El pobre hortelano abrió tamaños ojos, sin poder comprender la materia de que se trataba, ni por qué había incurrido en el desagrado del padre superior de San Javier, en donde había servido lealmente por muchos años. Y como no desconociera el rigor con que los padres solían castigar los delitos verdaderos o imaginarios cometidos en la casa, temía el buen isleño que pudiese sobrevenirle, si no exactamente una catástrofe igual a la de un infeliz lego que había sido emparedado vivo, allá en años atrás, al menos un grave conflicto; o el de ser despedido de la casa, lo que habría sido lo mismo que condenarlo a morir de hambre, pues el tío Juan Perdomo no era más que hortelano, y pocas huertas había en la provincia que exigiesen el lujo de un hortelano en jefe para saber cuidar de ellas, y ya era tarde para que el tío Perdomo se dedicase a aprender un nuevo oficio para buscar la subsistencia.
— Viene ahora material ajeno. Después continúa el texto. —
(* Let $n \ge 1$. A general cubic form $p \in H_3(\mathbb{C}^n)$ has a unique representation $$p(x_1,\dots,x_n) = \sum_{1 \le i \le j \le n} \bigl(t_{\{i,j\},i}x_i + t_{\{i,j\},i+1}x_{i+1} + \cdots + t_{\{i,j\},j}x_j\bigr)^3,$$ with $t_{\{i,j\},k} \in \mathbb{C}$. Thus for each pair $i \le j$ the linear form cubed involves only the variables $x_i,\dots,x_j$.
   Context: $H_d(\mathbb{C}^n)$ denotes the complex vector space of homogeneous polynomials (forms) of degree $d$ in $x_1,\dots,x_n$. "A general $p$ has property P" means P holds for all $p$ in a nonempty Zariski-open subset of $H_d(\mathbb{C}^n)$. Representations are counted up to permutation of like summands. A summand $f^k$ is identified with $(\zeta f)^k$ whenever $\zeta^k=1$. *)

theory Defs
  imports Complex_Main "HOL-Library.Multiset"
begin

text \<open>Monomials of degree d in x_0,...,x_{n-1} are multisets of variable indices.
  A form in H_d(C^n) is given by its coefficient vector, a function on monomials
  that vanishes outside the admissible monomials.\<close>

definition monomials :: "nat \<Rightarrow> nat \<Rightarrow> nat multiset set" where
  "monomials d n = {m. size m = d \<and> set_mset m \<subseteq> {..<n}}"

definition forms :: "nat \<Rightarrow> nat \<Rightarrow> (nat multiset \<Rightarrow> complex) set" where
  "forms d n = {c. \<forall>m. m \<notin> monomials d n \<longrightarrow> c m = 0}"

definition eval_form :: "nat \<Rightarrow> nat \<Rightarrow> (nat multiset \<Rightarrow> complex) \<Rightarrow> (nat \<Rightarrow> complex) \<Rightarrow> complex" where
  "eval_form d n c x = (\<Sum>m\<in>monomials d n. c m * (\<Prod>i\<in>#m. x i))"

inductive poly_fun :: "(('i \<Rightarrow> complex) \<Rightarrow> complex) \<Rightarrow> bool" where
  const: "poly_fun (\<lambda>_. a)"
| var: "poly_fun (\<lambda>c. c i)"
| add: "poly_fun f \<Longrightarrow> poly_fun g \<Longrightarrow> poly_fun (\<lambda>c. f c + g c)"
| mult: "poly_fun f \<Longrightarrow> poly_fun g \<Longrightarrow> poly_fun (\<lambda>c. f c * g c)"

text \<open>A general element of H_d(C^n) has property P: P holds on a nonempty
  Zariski-open subset, i.e. (basic opens suffice) on the non-vanishing locus of a
  polynomial function that does not vanish identically on H_d(C^n).\<close>
definition general_form :: "nat \<Rightarrow> nat \<Rightarrow> ((nat multiset \<Rightarrow> complex) \<Rightarrow> bool) \<Rightarrow> bool" where
  "general_form d n P \<longleftrightarrow> (\<exists>q. poly_fun q \<and> (\<exists>c\<in>forms d n. q c \<noteq> 0) \<and>
      (\<forall>c\<in>forms d n. q c \<noteq> 0 \<longrightarrow> P c))"

text \<open>The representation (0-indexed variables): summands indexed by pairs i \<le> j < n,
  the (i,j) summand being (\<Sum>k=i..j. t (i,j) k * x_k)^3.\<close>
definition interval_cubic_rep :: "nat \<Rightarrow> (nat multiset \<Rightarrow> complex) \<Rightarrow> (nat \<times> nat \<Rightarrow> nat \<Rightarrow> complex) \<Rightarrow> bool" where
  "interval_cubic_rep n c t \<longleftrightarrow> (\<forall>x. eval_form 3 n c x =
      (\<Sum>(i,j)\<in>{(i,j). i \<le> j \<and> j < n}. (\<Sum>k=i..j. t (i,j) k * x k) ^ 3))"

definition same_rep :: "nat \<Rightarrow> (nat \<times> nat \<Rightarrow> nat \<Rightarrow> complex) \<Rightarrow> (nat \<times> nat \<Rightarrow> nat \<Rightarrow> complex) \<Rightarrow> bool" where
  "same_rep n t t' \<longleftrightarrow> (\<forall>i j. i \<le> j \<and> j < n \<longrightarrow>
      (\<exists>\<zeta>::complex. \<zeta> ^ 3 = 1 \<and> (\<forall>k\<in>{i..j}. t' (i,j) k = \<zeta> * t (i,j) k)))"

end

theory Submission
  imports Defs "HOL-Library.Product_Lexorder"
begin

(* Call the interval [i,j] (i \<le> j) the owner of the cubic monomials whose
   least variable is x_i and whose largest is x_j: x_i^3 if i = j, and x_i^2 x_j,
   x_i x_j^2, x_i x_k x_j (i < k < j) otherwise.  The summand attached to [i,j] is the only
   one that can contribute to these coefficients among all summands for intervals of at
   least its length.  Hence, processing the intervals by decreasing length, the owned
   coefficients of the current residual determine the cube (a_i x_i + ... + a_j x_j)^3
   up to a cube root of unity, provided the two coefficients of x_i^2 x_j and x_i x_j^2
   (namely 3 a_i^2 a_j and 3 a_i a_j^2) are nonzero.  Subtracting it and recursing
   ("peeling") yields existence and uniqueness of the representation. *)

section \<open>Extracting coefficients of cubic forms\<close>

definition unit_vec :: "nat \<Rightarrow> nat \<Rightarrow> complex" where
  "unit_vec i k = (if k = i then 1 else 0)"

definition vec2 :: "nat \<Rightarrow> nat \<Rightarrow> complex \<Rightarrow> complex \<Rightarrow> nat \<Rightarrow> complex" where
  "vec2 i j s t l = s * unit_vec i l + t * unit_vec j l"
(* Let $\mathcal M=(N,\mathcal I)$ be a loopless matroid and let $S\subseteq N$ be a random set containing each element of $N$ independently with probability $1/2$. Then with probability at least $1/100$, both $\rho_{\mathcal M|S}$ and $\rho_{\mathcal M|(N\setminus S)}$ are $(288,9)$-approximations of $\rho_{\mathcal M}$.
   Context: $\mathcal M|T$ denotes the restriction of $\mathcal M$ to $T\subseteq N$. For a matroid $\mathcal M=(N,\mathcal I)$ with rank function $r$, $D_{\mathcal M}(S,\lambda)$ is the unique inclusion-wise maximal maximizer of $|U|-\lambda r(U)$ over $U\subseteq S$, and the rank-density curve is $\rho_{\mathcal M}(t)=\max\{\lambda\ge0:r(D_{\mathcal M}(N,\lambda))\ge t\}$ for $0<t\le r(N)$, $\rho_{\mathcal M}(t)=0$ for $t>r(N)$. $(\alpha,\beta)$-downshift of a non-increasing $\rho:\mathbb R_{>0}\to\mathbb R_{\ge0}$: let $\phi(t)=\rho(\alpha)/\beta$ for $t\in(0,1]$ and $\phi(t)=\rho(\alpha t)/\beta$ for $t>1$; then $\rho'(t)=1$ if $\phi(t)\in(0,1)$ and $\rho'(t)=\phi(t)$ otherwise. A function $\tilde\rho:\mathbb R_{>0}\to\mathbb R_{\ge0}$ is an $(\alpha,\beta)$-approximation of $\rho$ if it is non-increasing and $\rho'\le\tilde\rho\le\rho$ pointwise. *)

theory Defs
  imports Complex_Main
begin

definition matroid :: "'a set \<Rightarrow> 'a set set \<Rightarrow> bool" where
  "matroid N Ind \<longleftrightarrow> finite N \<and> (\<forall>I\<in>Ind. I \<subseteq> N) \<and> {} \<in> Ind
     \<and> (\<forall>I J. J \<in> Ind \<longrightarrow> I \<subseteq> J \<longrightarrow> I \<in> Ind)
     \<and> (\<forall>I J. I \<in> Ind \<longrightarrow> J \<in> Ind \<longrightarrow> card I < card J \<longrightarrow> (\<exists>e\<in>J - I. insert e I \<in> Ind))"

definition loopless :: "'a set \<Rightarrow> 'a set set \<Rightarrow> bool" where
  "loopless N Ind \<longleftrightarrow> (\<forall>e\<in>N. {e} \<in> Ind)"

definition restr_ind :: "'a set set \<Rightarrow> 'a set \<Rightarrow> 'a set set" where
  "restr_ind Ind T = {I \<in> Ind. I \<subseteq> T}"

definition mrank :: "'a set set \<Rightarrow> 'a set \<Rightarrow> nat" where
  "mrank Ind U = Max {card I | I. I \<in> Ind \<and> I \<subseteq> U}"

text \<open>D(S,lambda): the unique inclusion-wise maximal maximizer of |U| - lambda r(U) over U \<subseteq> S.\<close>
definition is_dmax :: "'a set set \<Rightarrow> 'a set \<Rightarrow> real \<Rightarrow> 'a set \<Rightarrow> bool" where
  "is_dmax Ind S l U \<longleftrightarrow> U \<subseteq> S \<and>
     (\<forall>V. V \<subseteq> S \<longrightarrow> real (card V) - l * real (mrank Ind V) \<le> real (card U) - l * real (mrank Ind U))"

definition Dset :: "'a set set \<Rightarrow> 'a set \<Rightarrow> real \<Rightarrow> 'a set" where
  "Dset Ind S l = (THE U. is_dmax Ind S l U \<and> (\<forall>V. is_dmax Ind S l V \<longrightarrow> U \<subseteq> V \<longrightarrow> V = U))"

text \<open>Rank-density curve of the matroid (N, Ind); only values at t > 0 are meaningful.\<close>
definition rank_density :: "'a set \<Rightarrow> 'a set set \<Rightarrow> real \<Rightarrow> real" where
  "rank_density N Ind t =
     (if 0 < t \<and> t \<le> real (mrank Ind N)
      then Sup {l. 0 \<le> l \<and> real (mrank Ind (Dset Ind N l)) \<ge> t}
      else 0)"

definition downshift :: "real \<Rightarrow> real \<Rightarrow> (real \<Rightarrow> real) \<Rightarrow> real \<Rightarrow> real" where
  "downshift \<alpha> \<beta> \<rho> t =
     (let \<phi> = (if t \<le> 1 then \<rho> \<alpha> / \<beta> else \<rho> (\<alpha> * t) / \<beta>)
      in if 0 < \<phi> \<and> \<phi> < 1 then 1 else \<phi>)"

definition is_approx :: "real \<Rightarrow> real \<Rightarrow> (real \<Rightarrow> real) \<Rightarrow> (real \<Rightarrow> real) \<Rightarrow> bool" where
  "is_approx \<alpha> \<beta> \<rho> \<rho>t \<longleftrightarrow>
     (\<forall>s t. 0 < s \<longrightarrow> s \<le> t \<longrightarrow> \<rho>t t \<le> \<rho>t s) \<and>
     (\<forall>t. 0 < t \<longrightarrow> 0 \<le> \<rho>t t \<and> downshift \<alpha> \<beta> \<rho> t \<le> \<rho>t t \<and> \<rho>t t \<le> \<rho> t)"

end

theory Submission
  imports Defs
begin

text \<open>For T \<subseteq> N we have D(T, \<lambda>) \<subseteq> D(N, \<lambda>), so the density curve of M|T never exceeds that
  of M; the content is the lower bound. Call a level A = D(N, \<lambda>) of rank k \<ge> 288 heavy. A half T
  keeps rank k/288 at parameter max 1 (\<lambda>/9) unless one of two rare events happens: T meets a
  fixed basis of A in at most k/288 elements, or (when the density \<lambda>(A) of A is at least 9) some
  independent J of size at most k/288 inside a greedy packing W of \<lfloor>\<lambda>(A)\<rfloor> bases of A leaves
  few elements of T \<inter> W outside its span. Since W has many elements outside the span of any
  such J, generating-function (Chernoff) estimates and a union bound over J give probability
  at most 2 decay^k for these events, with decay = 2^(-20/288). Heavy levels have distinct
  ranks, so a geometric series bounds the probability that T or N - T is bad by 2304/2^20.\<close>

section \<open>Counting subsets\<close>

lemma sum_pow_card_Int:
  fixes z :: real
  assumes "finite N" "Y \<subseteq> N"
  shows "(\<Sum>S\<in>Pow N. z ^ card (S \<inter> Y)) = 2 ^ (card N - card Y) * (1 + z) ^ card Y"
proof -
  let ?f = "\<lambda>x. if x \<in> Y then z else 1"
  have "(\<Prod>x\<in>N. ?f x + 1) = (\<Sum>S\<in>Pow N. (\<Prod>x\<in>S. ?f x) * (\<Prod>x\<in>N - S. 1))"
    by (rule prod_add[OF assms(1)])
  also have "\<dots> = (\<Sum>S\<in>Pow N. z ^ card (S \<inter> Y))"
  proof (rule sum.cong)
    fix S
    assume "S \<in> Pow N"
    hence "finite S"
      using assms(1) finite_subset by auto
    hence "(\<Prod>x\<in>S. ?f x) = (\<Prod>x\<in>S \<inter> Y. z)"
      by (simp add: prod.If_cases Int_def)
    thus "(\<Prod>x\<in>S. ?f x) * (\<Prod>x\<in>N - S. 1) = z ^ card (S \<inter> Y)"
      by simp
  qed simp
  finally have "(\<Sum>S\<in>Pow N. z ^ card (S \<inter> Y)) = (\<Prod>x\<in>N. ?f x + 1)" ..
  also have "\<dots> = (\<Prod>x\<in>N. if x \<in> Y then z + 1 else 2)"
    by (intro prod.cong) auto
  also have "\<dots> = (z + 1) ^ card Y * 2 ^ card (N - Y)"
    using prod.If_cases[OF assms(1), of "\<lambda>x. x \<in> Y" "\<lambda>x. z + 1" "\<lambda>x. 2"] assms(2)
    by (simp add: Int_absorb1 Diff_eq[symmetric])
  also have "\<dots> = 2 ^ (card N - card Y) * (1 + z) ^ card Y"
    using assms by (simp add: card_Diff_subset finite_subset add.commute)
  finally show ?thesis .
qed

lemma card_sparse_Int_mult_pow_le:
  fixes z :: real
  assumes "finite N" "Y \<subseteq> N" "0 < z" "z \<le> 1"
  shows "real (card {S \<in> Pow N. card (S \<inter> Y) \<le> m}) * z ^ m \<le> 2 ^ (card N - card Y) * (1 + z) ^ card Y"
proof -
  let ?B = "{S \<in> Pow N. card (S \<inter> Y) \<le> m}"
  have "real (card ?B) * z ^ m = (\<Sum>S\<in>?B. z ^ m)"
    by simp
  also have "\<dots> \<le> (\<Sum>S\<in>?B. z ^ card (S \<inter> Y))"
    using assms by (intro sum_mono power_decreasing) auto
  also have "\<dots> \<le> (\<Sum>S\<in>Pow N. z ^ card (S \<inter> Y))"
    using assms by (intro sum_mono2) auto
  also have "\<dots> = 2 ^ (card N - card Y) * (1 + z) ^ card Y"
    by (rule sum_pow_card_Int[OF assms(1,2)])
  finally show ?thesis .
qed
— ¿Y qué significa esto? —preguntó algo sorprendido Don Alonso.
— ¿No hablamos ahora mismo del tuerto Hinestrosa? Pues bien, este prójimo que tiene Usarced presente, parece que sabe algunos pormenores relativos al susodicho tuerto; y como es bien que sepamos a punto fijo lo que hay en el particular, en cuyo conocimiento Usarced y yo estamos igualmente interesados, he dispuesto que comparezca en nuestra presencia y nos declare, para nuestro gobierno, cuanto en dicho particular sepa.
Cruzó entonces un rayo de fugitiva luz por la mente de Juan Perdomo. El tío Juan Perdomo, el día anterior había sido arrebatado de sus pacíficas ocupaciones de la huerta, en que, además de cuidar de los rábanos y lechugas, se entretenía en hacer cuentos a los colegiales; y sin permitirle hacer ninguna pregunta fue encerrado en un obscuro calabozo de orden del Prepósito, y allí se figuró que terminaría lentamente consumido de hambre, a juzgar por la cortísima y miserable ración de alimento que había tomado en las últimas veinte y cuatro horas, sin que el carcelero, que era su muy amigo y favorecido, osase mitigar en nada las superiores órdenes del Prepósito, por temor de incurrir en una responsabilidad tremenda, que solía hacerse efectiva en la casa profesa de San Javier de un modo que no era extraño alarmarse hasta a los más frescos e indiferentes en materia de responsabilidad.
— Pero bien —replicó Don Alonso—. ¿Qué es lo que sabe este hombre, y a qué conduce que Vuestra Reverencia se empeñe en examinarlo en mi presencia?
— Lo que él sabe, lo dirá, y Usarced quedará satisfecho, conociendo el motivo de este examen.
— ¡Por la Virgen de Alcobendas! —murmuró para sí el buen caballero—. Ya me parece que estamos a punto de volver a aquellas intrigas y misterios del tiempo de la Santa Hermandad, que yo no sé a derechas si fue bueno o malo.
Alzando en seguida la voz prosiguió:
— Hágase como Vuestra Reverencia sea servido, ya que tiene por seguro y recto su modo de obrar.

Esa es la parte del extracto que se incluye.